Callie, 43, is a Dubai-based mother of two. She recalls her six-year-old asking to leave a party where she promptly burst into tears claiming her best friend had been mean to her. ‘I agonised about this all night,’ says Callie. ‘I felt like calling the child’s mother, and tried to get the exact details out of my daughter. But the next morning at school, the two girls laughed when they saw each other and went into class holding hands!’
As parents, we are keen to solve any dispute for our child to make them happy. But we are then in danger of escalating and complicating a problem that will likely be forgotten before they even see each other again. If we’re forever fighting our children’s battles, we will hinder their personal growth.
‘You’re teaching the child that you will always solve their problems in life, and that is a disaster, and yet we’re doing more of that than ever before,” says Michael Bradley, an adolescent psychologist and author of When Things Get Crazy with Your Teen.

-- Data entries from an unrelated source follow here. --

lemma keys_nf:
  "is_monomial_X n M \<Longrightarrow> m \<in> Poly_Mapping.keys (nf M) \<Longrightarrow> is_monomial_X n m \<and> forks m = {}"
proof (induction M rule: nf.induct)
  case (1 M)
  show ?case
  proof (cases "forks M = {}")
    case True
    then show ?thesis using "1.prems" by (simp add: nf_forkless)
  next
    case False
    then have some: "(SOME f. f \<in> forks M) \<in> forks M"
      by (simp add: some_in_eq)
    obtain m' where m': "m' \<in> Poly_Mapping.keys (reduce (SOME f. f \<in> forks M) M)"
      and "m \<in> Poly_Mapping.keys (nf m')"
      using "1.prems"(2) keys_mpoly_extend by (fastforce simp: nf_some_fork[OF False])
    then show ?thesis
      using "1.IH"[OF False m'] reduce_monomial_X[OF some "1.prems"(1) m'] by blast
  qed
qed

lemma minus_nf_poly_in_idealJ:
  assumes "\<And>m. m \<in> Poly_Mapping.keys p \<Longrightarrow> mon_poly m - nf m \<in> idealJ n \<beta> \<alpha>"
  shows "p - nf_poly p \<in> idealJ n \<beta> \<alpha>"
proof -
  have "p - nf_poly p
      = (\<Sum>m\<in>Poly_Mapping.keys p. const (Poly_Mapping.lookup p m) * (mon_poly m - nf m))"
    by (subst (1) mpoly_expansion) (simp add: mpoly_extend_def right_diff_distrib sum_subtractf)
  also have "\<dots> \<in> idealJ n \<beta> \<alpha>"
    by (rule sum_in_idealJ) (auto intro: const_mult_in_idealJ assms)
  finally show ?thesis .
qed
lemma nonincreasing_if_derivative_nonpos:
  fixes g :: "real \<Rightarrow> real"
  assumes g': "\<And>t. t \<ge> 0 \<Longrightarrow> (g has_real_derivative g' t) (at t within {0..})"
    and nonpos: "\<And>t. t \<ge> 0 \<Longrightarrow> g' t \<le> 0"
    and "0 \<le> s" "s \<le> t"
  shows "g t \<le> g s"
proof -
  have "\<exists>x\<in>{s..t}. g t - g s = (\<lambda>h. g' x * h) (t - s)"
  proof (rule mvt_very_simple[OF \<open>s \<le> t\<close>])
    fix x assume "s \<le> x" "x \<le> t"
    then have "(g has_real_derivative g' x) (at x within {s..t})"
      using \<open>0 \<le> s\<close> by (intro has_field_derivative_subset[OF g']) auto
    then show "(g has_derivative (\<lambda>h. g' x * h)) (at x within {s..t})"
      by (simp add: has_field_derivative_def)
  qed
  then obtain x where "x \<in> {s..t}" "g t - g s = g' x * (t - s)" by blast
  moreover have "g' x * (t - s) \<le> 0"
    using nonpos[of x] \<open>x \<in> {s..t}\<close> \<open>0 \<le> s\<close> by (intro mult_nonpos_nonneg) auto
  ultimately show ?thesis by simp
qed

lemma relaxation_dist_nonincreasing:
  fixes x g :: "real \<Rightarrow> real"
  assumes x': "\<And>t. t \<ge> 0 \<Longrightarrow> (x has_real_derivative (1 - x t) * g t) (at t within {0..})"
    and g: "\<And>t. t \<ge> 0 \<Longrightarrow> 0 \<le> g t" and "0 \<le> s" "s \<le> t"
  shows "\<bar>x t - 1\<bar> \<le> \<bar>x s - 1\<bar>"
proof -
  have "(x t - 1)^2 \<le> (x s - 1)^2"
  proof (rule nonincreasing_if_derivative_nonpos[OF _ _ \<open>0 \<le> s\<close> \<open>s \<le> t\<close>])
    fix r :: real assume "0 \<le> r"
    show "((\<lambda>r. (x r - 1)^2) has_real_derivative - 2 * (x r - 1)^2 * g r) (at r within {0..})"
      using x'[OF \<open>0 \<le> r\<close>] by (auto intro!: derivative_eq_intros simp: power2_eq_square algebra_simps)
    show "- 2 * (x r - 1)^2 * g r \<le> 0" using g[OF \<open>0 \<le> r\<close>] by simp
  qed
  then show ?thesis by (simp add: abs_le_square_iff)
qed

lemma relaxation_no_crossing:
  fixes x g :: "real \<Rightarrow> real"
  assumes x': "\<And>t. t \<ge> 0 \<Longrightarrow> (x has_real_derivative (1 - x t) * g t) (at t within {0..})"
    and g: "\<And>t. t \<ge> 0 \<Longrightarrow> 0 \<le> g t" and "0 \<le> t"
  shows "0 \<le> (x t - 1) * (x 0 - 1)"
proof (rule ccontr)
  assume crossing: "\<not> 0 \<le> (x t - 1) * (x 0 - 1)"
  have "continuous_on {0..t} x"
    unfolding continuous_on_eq_continuous_within
  proof
    fix s assume "s \<in> {0..t}"
    then have "continuous (at s within {0..}) x"
      using x' by (auto intro: DERIV_continuous)
    then show "continuous (at s within {0..t}) x"
      by (rule continuous_within_subset) auto
  qed
  moreover have "x 0 \<le> 1 \<and> 1 \<le> x t \<or> x t \<le> 1 \<and> 1 \<le> x 0"
    using crossing mult_nonneg_nonneg[of "x t - 1" "x 0 - 1"]
      mult_nonpos_nonpos[of "x t - 1" "x 0 - 1"] by linarith
  ultimately obtain s where "0 \<le> s" "s \<le> t" "x s = 1"
    using IVT'[of x 0 1 t] IVT2'[of x t 1 0] \<open>0 \<le> t\<close> by blast
  then have "\<bar>x t - 1\<bar> \<le> 0" using relaxation_dist_nonincreasing[OF x' g, of s t] by simp
  then show False using crossing by simp
qed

It’s also hard for parents to be impartial and see the situation clearly when their own kids are involved. ‘This doesn’t mean we are oblivious to their faults,’ says Aisha, a Dubai-based mother of pre-schooler twins. ‘Or their ability to make mistakes from time to time. But our instinct is to protect, so we jump into defensive mode.’

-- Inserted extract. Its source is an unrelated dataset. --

(* Let $C=\mathtt{while}(\varphi)\{C_{\mathrm{body}}\}[I]$ be a $\mathsf{pGCL}$ loop with loop-free body $C_{\mathrm{body}}$, and let $f\in\mathbb{E}$. If (1) $[\varphi]\cdot\mathrm{awp}[\![C_{\mathrm{body}}]\!](I)+[\neg\varphi]\cdot f\ge I$, and (2) $C$ is dPAST, and (3) $C$ is suitable for optional stopping w.r.t. $f$, then $\mathrm{awp}[\![C]\!](f)\ge I$.
   Context: States: fix a countably infinite set of program variables with values in $\mathbb{Q}_{\ge 0}$; a state is a map $\sigma$ from variables to $\mathbb{Q}_{\ge0}$ which is $0$ for all but finitely many variables; $\mathsf{States}$ is the set of states. A predicate is a map $\varphi:\mathsf{States}\to\{\mathsf{true},\mathsf{false}\}$. Expectations: $\mathbb{E}$ is the set of maps $\mathsf{States}\to[0,\infty]$, ordered pointwise ($\le,\ge$); $+,\cdot$ pointwise with $0\cdot\infty=0$; $\sqcap,\sqcup$ pointwise min/max; $[\varphi]$ Iverson bracket; $(\varphi\to g)(\sigma)=g(\sigma)$ if $\sigma\models\varphi$, else $\infty$; $f[x/E](\sigma)=f(\sigma[x\mapsto E(\sigma)])$. Programs of $\mathsf{pGCL}$: $C ::= \mathtt{skip} \mid x:=E \mid C;C \mid \mathtt{if}\ \varphi_1\to C\ \square\ \varphi_2\to C \mid \{C\}[p]\{C\} \mid \mathtt{while}(\varphi)\{C\}[I]$, where $E:\mathsf{States}\to\mathbb{Q}_{\ge0}$, $p:\mathsf{States}\to[0,1]$, in every guarded choice $\varphi_1\vee\varphi_2$ is valid (when both hold the choice is nondeterministic), and every loop carries an invariant annotation $I\in\mathbb{E}$. Weakest preexpectations for $\mathcal{T}\in\{\mathrm{dwp},\mathrm{awp}\}$: $\mathcal{T}[\![\mathtt{skip}]\!](f)=f$; $\mathcal{T}[\![x:=E]\!](f)=f[x/E]$; $\mathcal{T}[\![C_1;C_2]\!](f)=\mathcal{T}[\![C_1]\!](\mathcal{T}[\![C_2]\!](f))$; $\mathrm{dwp}$ of a guarded choice: $(\varphi_1\to\mathrm{dwp}[\![C_1]\!](f))\sqcap(\varphi_2\to\mathrm{dwp}[\![C_2]\!](f))$; $\mathrm{awp}$ of a guarded choice: $[\varphi_1]\cdot\mathrm{awp}[\![C_1]\!](f)\sqcup[\varphi_2]\cdot\mathrm{awp}[\![C_2]\!](f)$; $\mathcal{T}[\![\{C_1\}[p]\{C_2\}]\!](f)=p\cdot\mathcal{T}[\![C_1]\!](f)+(1-p)\cdot\mathcal{T}[\![C_2]\!](f)$; loops: least fixpoint of $g\mapsto[\neg\varphi]\cdot f+[\varphi]\cdot\mathcal{T}[\![C']\!](g)$. $C$ is dPAST (positively demonically almost-surely terminating) if its expected runtime (in the sense of the expected-runtime calculus of Kaminski et al., resolving nondeterminism in the worst case) is finite for all initial states. A loop $\mathtt{while}(\varphi)\{C_{\mathrm{body}}\}[I]$ is suitable for optional stopping w.r.t. $f$ if (i) $I=[\varphi]\cdot I'+[\neg\varphi]\cdot f$ for some $I'\in\mathbb{E}$, (ii) $f$, $I$ and $[\varphi]\cdot\mathrm{awp}[\![C_{\mathrm{body}}]\!](I)+[\neg\varphi]\cdot f$ are all pointwise $<\infty$, and (iii) there is $b\in\mathbb{R}_{\ge0}$ such that for all states $\sigma$, $([\varphi]\cdot\mathrm{awp}[\![C_{\mathrm{body}}]\!](\lambda\tau.|I(\tau)-I(\sigma)|))(\sigma)\le b$. *)

theory Defs
  imports Complex_Main "HOL-Library.Extended_Nonnegative_Real"
begin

By parents becoming involved in friendships, children don’t learn important life skills themselves. Dealing with conflict isn’t pleasant, and feeling hurt by somebody you consider a best friend is dreadful, but sadly, that’s real life. It’s going to happen, probably more than once, and as a parent, your job isn’t to swoop in and handle the matter for them, but nurture resilience, listening and empathy.

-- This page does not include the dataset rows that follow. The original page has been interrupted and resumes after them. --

text \<open>Every field of \<open>\<Sigma>\<^sup>c\<close> is a multiple of \<open>\<nu>\<^sub>i\<close> on face \<open>i\<close>, since all other
  summands contain the factor \<open>\<lambda>\<^sub>i\<close>. Conversely, a field \<open>E\<close> with vanishing tangential trace is
  normal to two non-parallel faces on every edge, hence vanishes on the edges. So on face \<open>i\<close>
  the normal component \<open>E \<bullet> \<nu>\<^sub>i\<close> is divisible by \<open>\<lambda>\<^sub>j \<lambda>\<^sub>l \<lambda>\<^sub>m\<close>, giving \<open>q\<^sub>i\<close> of degree
  \<open>p - 3\<close>. What remains after subtracting \<open>\<Sum>\<^sub>i q\<^sub>i \<lambda>\<^sub>j \<lambda>\<^sub>l \<lambda>\<^sub>m \<nu>\<^sub>i\<close> vanishes on the whole
  boundary, so it is \<open>\<lambda>\<^sub>0 \<lambda>\<^sub>1 \<lambda>\<^sub>2 \<lambda>\<^sub>3 G\<close>; writing \<open>G\<close> in the basis \<open>\<nu>\<^sub>1, \<nu>\<^sub>2, \<nu>\<^sub>3\<close> absorbs it into
  the \<open>q\<^sub>i\<close>. Each division step is, in an affine chart, the fact that a polynomial vanishing on
  an open piece of the plane \<open>z\<^sub>1 = 0\<close> is divisible by \<open>z\<^sub>1\<close>.\<close>

section \<open>Polynomials in three variables\<close>

definition monomial3 :: "nat \<times> nat \<times> nat \<Rightarrow> real^3 \<Rightarrow> real" where
  "monomial3 \<alpha> x = (case \<alpha> of (a, b, d) \<Rightarrow> (x$1)^a * (x$2)^b * (x$3)^d)"

definition exponents_upto :: "int \<Rightarrow> (nat \<times> nat \<times> nat) set" where
  "exponents_upto r = {(a, b, d). int (a + b + d) \<le> r}"

lemma finite_exponents_upto: "finite (exponents_upto r)"
proof (rule finite_subset)
  show "exponents_upto r \<subseteq> {..nat r} \<times> {..nat r} \<times> {..nat r}"
    by (auto simp: exponents_upto_def)
qed auto

lemma poly3_iff_monomial_sum:
  "poly3 r f \<longleftrightarrow> (\<exists>c. f = (\<lambda>x. \<Sum>\<alpha>\<in>exponents_upto r. c \<alpha> * monomial3 \<alpha> x))"
proof -
  have "(\<Sum>(a,b,d)\<in>exponents_upto r. c (a,b,d) * (x$1)^a * (x$2)^b * (x$3)^d)
      = (\<Sum>\<alpha>\<in>exponents_upto r. c \<alpha> * monomial3 \<alpha> x)" for c x
    by (rule sum.cong) (auto simp: monomial3_def)
  then show ?thesis
    unfolding poly3_def exponents_upto_def[symmetric] by simp
qed

lemma poly3E:
  assumes "poly3 r f"
  obtains c where "\<And>x. f x = (\<Sum>\<alpha>\<in>exponents_upto r. c \<alpha> * monomial3 \<alpha> x)"
  using assms unfolding poly3_iff_monomial_sum by auto

lemma poly3_monomial_sum:
  assumes "finite I" "\<And>i. i \<in> I \<Longrightarrow> \<kappa> i \<in> exponents_upto r"
  shows "poly3 r (\<lambda>x. \<Sum>i\<in>I. w i * monomial3 (\<kappa> i) x)"
proof -
  define c where "c \<alpha> = (\<Sum>i\<in>{i\<in>I. \<kappa> i = \<alpha>}. w i)" for \<alpha>
  have "(\<Sum>\<alpha>\<in>exponents_upto r. c \<alpha> * monomial3 \<alpha> x) = (\<Sum>i\<in>I. w i * monomial3 (\<kappa> i) x)" for x
  proof -
    have "(\<Sum>\<alpha>\<in>exponents_upto r. c \<alpha> * monomial3 \<alpha> x)
        = (\<Sum>\<alpha>\<in>exponents_upto r. \<Sum>i\<in>{i\<in>I. \<kappa> i = \<alpha>}. w i * monomial3 (\<kappa> i) x)"
      unfolding c_def sum_distrib_right by (rule sum.cong) auto
    also have "\<dots> = (\<Sum>i\<in>I. w i * monomial3 (\<kappa> i) x)"
      by (rule sum.group) (use assms finite_exponents_upto in auto)
    finally show ?thesis .
  qed
  then show ?thesis
    unfolding poly3_iff_monomial_sum by metis
qed

lemma poly3_zero: "poly3 r (\<lambda>x. 0)"
  using poly3_monomial_sum[of "{}"] by simp

lemma poly3_add:
  assumes "poly3 r f" "poly3 r g"
  shows "poly3 r (\<lambda>x. f x + g x)"
proof -
  obtain c d where c: "\<And>x. f x = (\<Sum>\<alpha>\<in>exponents_upto r. c \<alpha> * monomial3 \<alpha> x)"
    and d: "\<And>x. g x = (\<Sum>\<alpha>\<in>exponents_upto r. d \<alpha> * monomial3 \<alpha> x)"
    using poly3E[OF assms(1)] poly3E[OF assms(2)] by metis
  show ?thesis
    unfolding poly3_iff_monomial_sum
    by (rule exI[of _ "\<lambda>\<alpha>. c \<alpha> + d \<alpha>"]) (simp add: c d sum.distrib distrib_right)
qed

lemma poly3_cmult:
  assumes "poly3 r f"
  shows "poly3 r (\<lambda>x. a * f x)"
proof -
  obtain c where c: "\<And>x. f x = (\<Sum>\<alpha>\<in>exponents_upto r. c \<alpha> * monomial3 \<alpha> x)"
    using poly3E[OF assms] by blast
  show ?thesis
    unfolding poly3_iff_monomial_sum
    by (rule exI[of _ "\<lambda>\<alpha>. a * c \<alpha>"]) (simp add: c sum_distrib_left mult.assoc)
qed

lemma poly3_diff:
  assumes "poly3 r f" "poly3 r g"
  shows "poly3 r (\<lambda>x. f x - g x)"
  using poly3_add[OF assms(1) poly3_cmult[OF assms(2), of "-1"]] by simp

lemma poly3_sum:
  assumes "finite A" "\<And>i. i \<in> A \<Longrightarrow> poly3 r (f i)"
  shows "poly3 r (\<lambda>x. \<Sum>i\<in>A. f i x)"
  using assms by (induction A rule: finite_induct) (auto intro: poly3_zero poly3_add)

lemma poly3_degree_mono:
  assumes "poly3 r f" "r \<le> s"
  shows "poly3 s f"
proof -
  obtain c where c: "\<And>x. f x = (\<Sum>\<alpha>\<in>exponents_upto r. c \<alpha> * monomial3 \<alpha> x)"
    using poly3E[OF assms(1)] by blast
  have "poly3 s (\<lambda>x. \<Sum>\<alpha>\<in>exponents_upto r. c \<alpha> * monomial3 (id \<alpha>) x)"
    by (rule poly3_monomial_sum)
       (use assms(2) finite_exponents_upto in \<open>auto simp: exponents_upto_def\<close>)
  then show ?thesis
    by (simp add: c[symmetric])
qed

lemma poly3_mult:
  assumes "poly3 r f" "poly3 s g"
  shows "poly3 (r + s) (\<lambda>x. f x * g x)"
proof -
  obtain c d where c: "\<And>x. f x = (\<Sum>\<alpha>\<in>exponents_upto r. c \<alpha> * monomial3 \<alpha> x)"
    and d: "\<And>x. g x = (\<Sum>\<beta>\<in>exponents_upto s. d \<beta> * monomial3 \<beta> x)"
    using poly3E[OF assms(1)] poly3E[OF assms(2)] by metis
  define \<kappa> :: "(nat \<times> nat \<times> nat) \<times> (nat \<times> nat \<times> nat) \<Rightarrow> nat \<times> nat \<times> nat"
    where "\<kappa> = (\<lambda>((a, b, e), (a', b', e')). (a + a', b + b', e + e'))"
  have monomial3_mult: "monomial3 \<alpha> x * monomial3 \<beta> x = monomial3 (\<kappa> (\<alpha>, \<beta>)) x" for \<alpha> \<beta> x
    by (cases \<alpha>; cases \<beta>) (simp add: monomial3_def \<kappa>_def power_add mult_ac)
  have "f x * g x = (\<Sum>(\<alpha>, \<beta>)\<in>exponents_upto r \<times> exponents_upto s.
                      (c \<alpha> * d \<beta>) * monomial3 (\<kappa> (\<alpha>, \<beta>)) x)" for x
    by (simp add: c d sum_product sum.cartesian_product monomial3_mult[symmetric] mult_ac)
  moreover have "poly3 (r + s) (\<lambda>x. \<Sum>(\<alpha>, \<beta>)\<in>exponents_upto r \<times> exponents_upto s.
                                     (c \<alpha> * d \<beta>) * monomial3 (\<kappa> (\<alpha>, \<beta>)) x)"
    using poly3_monomial_sum[of "exponents_upto r \<times> exponents_upto s" \<kappa> "r + s"
        "\<lambda>(\<alpha>, \<beta>). c \<alpha> * d \<beta>"] finite_exponents_upto
    by (auto simp: exponents_upto_def \<kappa>_def case_prod_beta)
  ultimately show ?thesis
    by simp
qed

lemma poly3_const: "0 \<le> r \<Longrightarrow> poly3 r (\<lambda>x. a)"
  using poly3_monomial_sum[of "{()}" "\<lambda>_. (0, 0, 0)" r "\<lambda>_. a"]
  by (simp add: exponents_upto_def monomial3_def)

lemma poly3_coord:
  assumes "1 \<le> r"
  shows "poly3 r (\<lambda>x. x $ k)"
proof -
  let ?\<alpha> = "if k = 1 then (1, 0, 0) else if k = 2 then (0, 1, 0) else (0, 0, 1)"
  have "poly3 r (\<lambda>x. \<Sum>i\<in>{()}. 1 * monomial3 ?\<alpha> x)"
    by (rule poly3_monomial_sum) (use assms in \<open>auto simp: exponents_upto_def\<close>)
  moreover have "k = 1 \<or> k = 2 \<or> k = 3"
    using exhaust_3 by blast
  ultimately show ?thesis
    by (auto simp: monomial3_def)
qed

And let’s face it, scraps between kids happen all the time. Whether it’s a bad tackle during football, an argument over who wants which Lego piece or who got the bigger slice of pizza, this bickering will grow with the children, evolving into who said something cruel on social media and why wasn’t so-and-so invited to that 16th birthday party. Getting involved as a parent – even though you’ve raised them brilliantly – just isn’t sustainable.
So, what’s the solution? Dr Sarah Bren, a licensed clinical psychologist and host of parenting podcast Securely Attached, suggests asking mindful questions if you observe something that concerns you. Start with ‘How did you feel when Emily said that to you earlier? Does she often get angry like that?’ or ‘Why are you feeling sad after hanging out with Sam?’
This way, you can problem-solve together. You’ve shared an observation and this can make way for your child to voice their perspective. They may have been worrying about this situation but are unsure how to express themselves, so opening up this conversation might be a welcome relief. ‘Validating their emotional experience without rushing in to fix it for them is an invaluable parenting tool at any age,’ says Dr Bren.
She recommends using gentle questions and phrases during your conversation, including: ‘I can see that this is challenging; how can you talk to them about how you feel?’ Or: ‘What could make things feel differently?’
Help them by sharing your own experiences with friends and advising them on ways to improve the relationship. Remember, you are resilient and independent. Give your child the tools to become a strong and independent person, too. They might not appreciate this now, but they’ll be forever grateful in the future.